*** Available data ***

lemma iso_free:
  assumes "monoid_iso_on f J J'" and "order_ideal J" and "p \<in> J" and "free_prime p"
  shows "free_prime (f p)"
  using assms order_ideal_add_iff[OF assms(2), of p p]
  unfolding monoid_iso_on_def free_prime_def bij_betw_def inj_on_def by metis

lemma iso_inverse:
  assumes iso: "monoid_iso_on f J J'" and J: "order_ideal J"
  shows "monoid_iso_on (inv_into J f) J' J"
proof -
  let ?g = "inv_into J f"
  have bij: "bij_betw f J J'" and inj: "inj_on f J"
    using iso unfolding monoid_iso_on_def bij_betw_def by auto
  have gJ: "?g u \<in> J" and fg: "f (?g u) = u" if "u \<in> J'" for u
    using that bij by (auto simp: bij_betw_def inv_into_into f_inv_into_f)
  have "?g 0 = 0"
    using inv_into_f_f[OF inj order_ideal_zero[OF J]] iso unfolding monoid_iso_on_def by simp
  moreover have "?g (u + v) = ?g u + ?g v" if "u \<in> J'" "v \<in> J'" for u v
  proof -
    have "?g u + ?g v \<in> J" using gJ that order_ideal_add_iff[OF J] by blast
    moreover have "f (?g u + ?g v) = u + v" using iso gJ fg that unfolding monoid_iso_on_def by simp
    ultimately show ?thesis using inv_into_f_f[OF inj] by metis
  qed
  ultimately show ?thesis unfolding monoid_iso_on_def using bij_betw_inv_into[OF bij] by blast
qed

*** End of Available data ***

I'd like the entries above reproduced in full, exactly as they stand.

lemma iso_free:
  assumes "monoid_iso_on f J J'" and "order_ideal J" and "p \<in> J" and "free_prime p"
  shows "free_prime (f p)"
  using assms order_ideal_add_iff[OF assms(2), of p p]
  unfolding monoid_iso_on_def free_prime_def bij_betw_def inj_on_def by metis

lemma iso_inverse:
  assumes iso: "monoid_iso_on f J J'" and J: "order_ideal J"
  shows "monoid_iso_on (inv_into J f) J' J"
proof -
  let ?g = "inv_into J f"
  have bij: "bij_betw f J J'" and inj: "inj_on f J"
    using iso unfolding monoid_iso_on_def bij_betw_def by auto
  have gJ: "?g u \<in> J" and fg: "f (?g u) = u" if "u \<in> J'" for u
    using that bij by (auto simp: bij_betw_def inv_into_into f_inv_into_f)
  have "?g 0 = 0"
    using inv_into_f_f[OF inj order_ideal_zero[OF J]] iso unfolding monoid_iso_on_def by simp
  moreover have "?g (u + v) = ?g u + ?g v" if "u \<in> J'" "v \<in> J'" for u v
  proof -
    have "?g u + ?g v \<in> J" using gJ that order_ideal_add_iff[OF J] by blast
    moreover have "f (?g u + ?g v) = u + v" using iso gJ fg that unfolding monoid_iso_on_def by simp
    ultimately show ?thesis using inv_into_f_f[OF inj] by metis
  qed
  ultimately show ?thesis unfolding monoid_iso_on_def using bij_betw_inv_into[OF bij] by blast
qed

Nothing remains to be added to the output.